Учеников у Вас было много, ещё больше причисляющих себя к таковым, но предать Вас могла бы только патологическая личность, ибо человека большей доброты мне встречать в этой жизни не приходилось.

Представляю, как бы Вы укорили меня за столь длинное вступление, странные параллели и непонятный жанр сочинительства.

Простите меня, дядя Валя, прозы я почти не писал, и очень горько, что начинать приходится практически с некролога…

Уже давным-давно, в первый зимний день нашего знакомства, а случилось это 1 декабря 1971 года, когда мне исполнялось девятнадцать, Вы, разглядев что-то в длинном, отчаянно смущающемся юнце, принесшем Вам шесть стихотворений, написанных от руки, открыли ему двери квартиры на улице Волгина, может быть, вспомнив, как в своё время благословили Ваш путь: Чуковский, Т олстой, Ахматова. На Вашем рабочем столе лежали «археологическая» книга с очень поэтическим названием «Государыня-пустыня» и новая книга стихов «Зимние звёзды», свет от которых я пронёс через всю жизнь.

Какое это было счастье попасть в Ваш дом и слушать, слушать, слушать, но не только слушать, а и быть услышанным!

Да никакие Литературный или Историко-архивный институты, которыми я грезил тогда, не могли бы дать и половины того, что я приобрёл за годы юношеской дружбы с Вами!

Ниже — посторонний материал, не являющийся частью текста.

section \<open>The span of the system\<close>

inductive cos_mode_span :: "(real \<Rightarrow> real) \<Rightarrow> bool" where
  zero: "cos_mode_span (\<lambda>u. 0)"
| add_mode: "cos_mode_span P \<Longrightarrow> cos_mode_span (\<lambda>u. P u + c * cos_mode k u)"

lemma cos_mode_span_cos_mode: "cos_mode_span (cos_mode k)"
  using cos_mode_span.add_mode[OF cos_mode_span.zero, of 1 k] by simp

lemma cos_mode_span_add:
  assumes "cos_mode_span P" "cos_mode_span Q"
  shows "cos_mode_span (\<lambda>u. P u + Q u)"
  using assms(2)
proof (induction Q rule: cos_mode_span.induct)
  case zero
  then show ?case using assms(1) by simp
next
  case (add_mode Q c k)
  then show ?case using cos_mode_span.add_mode[of "\<lambda>u. P u + Q u" c k] by (simp add: add.assoc)
qed

lemma cos_mode_span_cmult: "cos_mode_span P \<Longrightarrow> cos_mode_span (\<lambda>u. c * P u)"
proof (induction P rule: cos_mode_span.induct)
  case zero
  then show ?case by (simp add: cos_mode_span.zero)
next
  case (add_mode P c' k)
  then show ?case
    using cos_mode_span.add_mode[of "\<lambda>u. c * P u" "c * c'" k] by (simp add: distrib_left mult.assoc)
qed

lemma cos_2_mult_cos_mode: "cos (2 * u) * cos_mode k u = cos_mode (-k-1) u / 2 + cos_mode (-k) u / 2"
proof -
  have "cos_mode (-k-1) u = cos (2 * u + (4 * real_of_int k + 1) * u)"
    by (subst cos_minus[symmetric]) (simp add: cos_mode_def algebra_simps)
  moreover have "cos_mode (-k) u = cos (2 * u - (4 * real_of_int k + 1) * u)"
    by (simp add: cos_mode_def algebra_simps)
  ultimately show ?thesis
    by (simp add: cos_mode_def cos_times_cos add_divide_distrib)
qed

lemma cos_mode_span_cos_2_mult:
  "cos_mode_span P \<Longrightarrow> cos_mode_span (\<lambda>u. cos (2 * u) * P u)"
proof (induction P rule: cos_mode_span.induct)
  case zero
  then show ?case by (simp add: cos_mode_span.zero)
next
  case (add_mode P c k)
  have "cos_mode_span (\<lambda>u. cos (2 * u) * P u + c/2 * cos_mode (-k-1) u + c/2 * cos_mode (-k) u)"
    by (intro cos_mode_span.add_mode add_mode.IH)
  then show ?case
    by (simp add: distrib_left cos_2_mult_cos_mode mult.left_commute add.assoc add_divide_distrib)
qed

lemma cos_mode_span_repr:
  assumes "cos_mode_span P"
  shows "\<exists>d N. \<forall>M\<ge>N. P = mode_sum d {-int M..int M}"
proof -
  have "\<exists>d N. (\<forall>k. k \<notin> {-int N..int N} \<longrightarrow> d k = 0) \<and> (\<forall>M\<ge>N. P = mode_sum d {-int M..int M})"
    using assms
  proof (induction P rule: cos_mode_span.induct)
    case zero
    show ?case by (rule exI[of _ "\<lambda>k. 0"]) (simp add: mode_sum_def)
  next
    case (add_mode P c k)
    then obtain d N where d0: "\<forall>k. k \<notin> {-int N..int N} \<longrightarrow> d k = 0"
      and dP: "\<forall>M\<ge>N. P = mode_sum d {-int M..int M}" by blast
    define N' where "N' = max N (nat \<bar>k\<bar>)"
    define d' where "d' = (\<lambda>j. d j + (if j = k then c else 0))"
    have "\<forall>j. j \<notin> {-int N'..int N'} \<longrightarrow> d' j = 0"
      using d0 by (auto simp: d'_def N'_def)
    moreover have "(\<lambda>u. P u + c * cos_mode k u) = mode_sum d' {-int M..int M}" if "N' \<le> M" for M
    proof -
      have "k \<in> {-int M..int M}" using that by (auto simp: N'_def)
      then have "(\<Sum>j\<in>{-int M..int M}. (if j = k then c else 0) * cos_mode j u) = c * cos_mode k u" for u
        by (simp add: if_distrib[of "\<lambda>x. x * _"] cong: if_cong)
      moreover have "P = mode_sum d {-int M..int M}" using dP that by (simp add: N'_def)
      ultimately show ?thesis by (simp add: d'_def mode_sum_def distrib_right sum.distrib)
    qed
    ultimately show ?case by blast
  qed
  then show ?thesis by blast
qed

lemma continuous_on_cos_mode_span: "cos_mode_span P \<Longrightarrow> continuous_on S P"
proof (induction rule: cos_mode_span.induct)
  case (add_mode P c k)
  then show ?case unfolding cos_mode_def by (intro continuous_on_add[OF add_mode.IH] continuous_intros)
qed (rule continuous_on_const)

inductive cos_2_algebra :: "(real \<Rightarrow> real) \<Rightarrow> bool" where
  const: "cos_2_algebra (\<lambda>u. c)"
| cos_2: "cos_2_algebra (\<lambda>u. cos (2 * u))"
| add: "cos_2_algebra f \<Longrightarrow> cos_2_algebra g \<Longrightarrow> cos_2_algebra (\<lambda>u. f u + g u)"
| mult: "cos_2_algebra f \<Longrightarrow> cos_2_algebra g \<Longrightarrow> cos_2_algebra (\<lambda>u. f u * g u)"

lemma continuous_on_cos_2_algebra: "cos_2_algebra e \<Longrightarrow> continuous_on S e"
  by (induction rule: cos_2_algebra.induct)
    (auto intro: continuous_on_add continuous_on_mult continuous_on_cos continuous_on_mult_left continuous_on_id)

lemma cos_mode_span_cos_2_algebra_mult:
  "cos_2_algebra e \<Longrightarrow> cos_mode_span P \<Longrightarrow> cos_mode_span (\<lambda>u. e u * P u)"
proof (induction e arbitrary: P rule: cos_2_algebra.induct)
  case (const c)
  then show ?case by (rule cos_mode_span_cmult)
next
  case cos_2
  then show ?case by (rule cos_mode_span_cos_2_mult)
next
  case (add f g)
  then show ?case
    using cos_mode_span_add[of "\<lambda>u. f u * P u" "\<lambda>u. g u * P u"] by (simp add: distrib_right)
next
  case (mult f g)
  then show ?case by (simp add: mult.assoc)
qed

lemma cos_2_algebra_uniform_approx:
  assumes "continuous_on {0..pi/2} d" "0 < e"
  shows "\<exists>g. cos_2_algebra g \<and> (\<forall>x\<in>{0..pi/2}. \<bar>d x - g x\<bar> < e)"
proof (rule Stone_Weierstrass_HOL[where P = cos_2_algebra])
  fix x y :: real assume xy: "x \<in> {0..pi/2} \<and> y \<in> {0..pi/2} \<and> x \<noteq> y"
  then have "cos (2 * x) \<noteq> cos (2 * y)"
    using cos_inj_pi[of "2 * x" "2 * y"] by auto
  then show "\<exists>f. cos_2_algebra f \<and> f x \<noteq> f y"
    using cos_2_algebra.cos_2 by blast
qed (auto intro: assms cos_2_algebra.intros continuous_on_cos_2_algebra)

section \<open>Density of the span\<close>

definition L2_approximable :: "real set \<Rightarrow> (real \<Rightarrow> real) set \<Rightarrow> (real \<Rightarrow> real) \<Rightarrow> bool" where
  "L2_approximable S A f \<longleftrightarrow> (\<forall>e>0. \<exists>g\<in>A. integral S (\<lambda>u. (f u - g u)\<^sup>2) < e)"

Она стала фундаментом для всего моего дальнейшего творчества. Именно в Вашем доме я услышал фамилии великих певцов истории России: Карамзина, Соловьева, Ключевского, Татищева (а ведь в школе о них в то время и не вспоминали). Я открыл для себя в полном объеме поэзию А. Пушкина, А. К. Т олстого, Д. Кедрина, А. Ахматовой, Ш. Петёфи, проштудировав Ваши тяжёлые книжные полки.

Удивительно, что, несмотря на обилие знакомых, Вы столько времени уделяли мне, и не только мне, а и моим «боевым друзьям», далёким от поэзии, но нежно полюбившим Вас. С задорным топотом и песнями мы отмечали с Вашими девочками — нашими ровесницами Мариной и Галей — скромные праздники, а на столе дымилась печеная картошка в мундире — фирменное блюдо незабвенной Вашей спутницы Т атьяны Ивановны, единственного человека, доброта которого была сравнима с Вашей.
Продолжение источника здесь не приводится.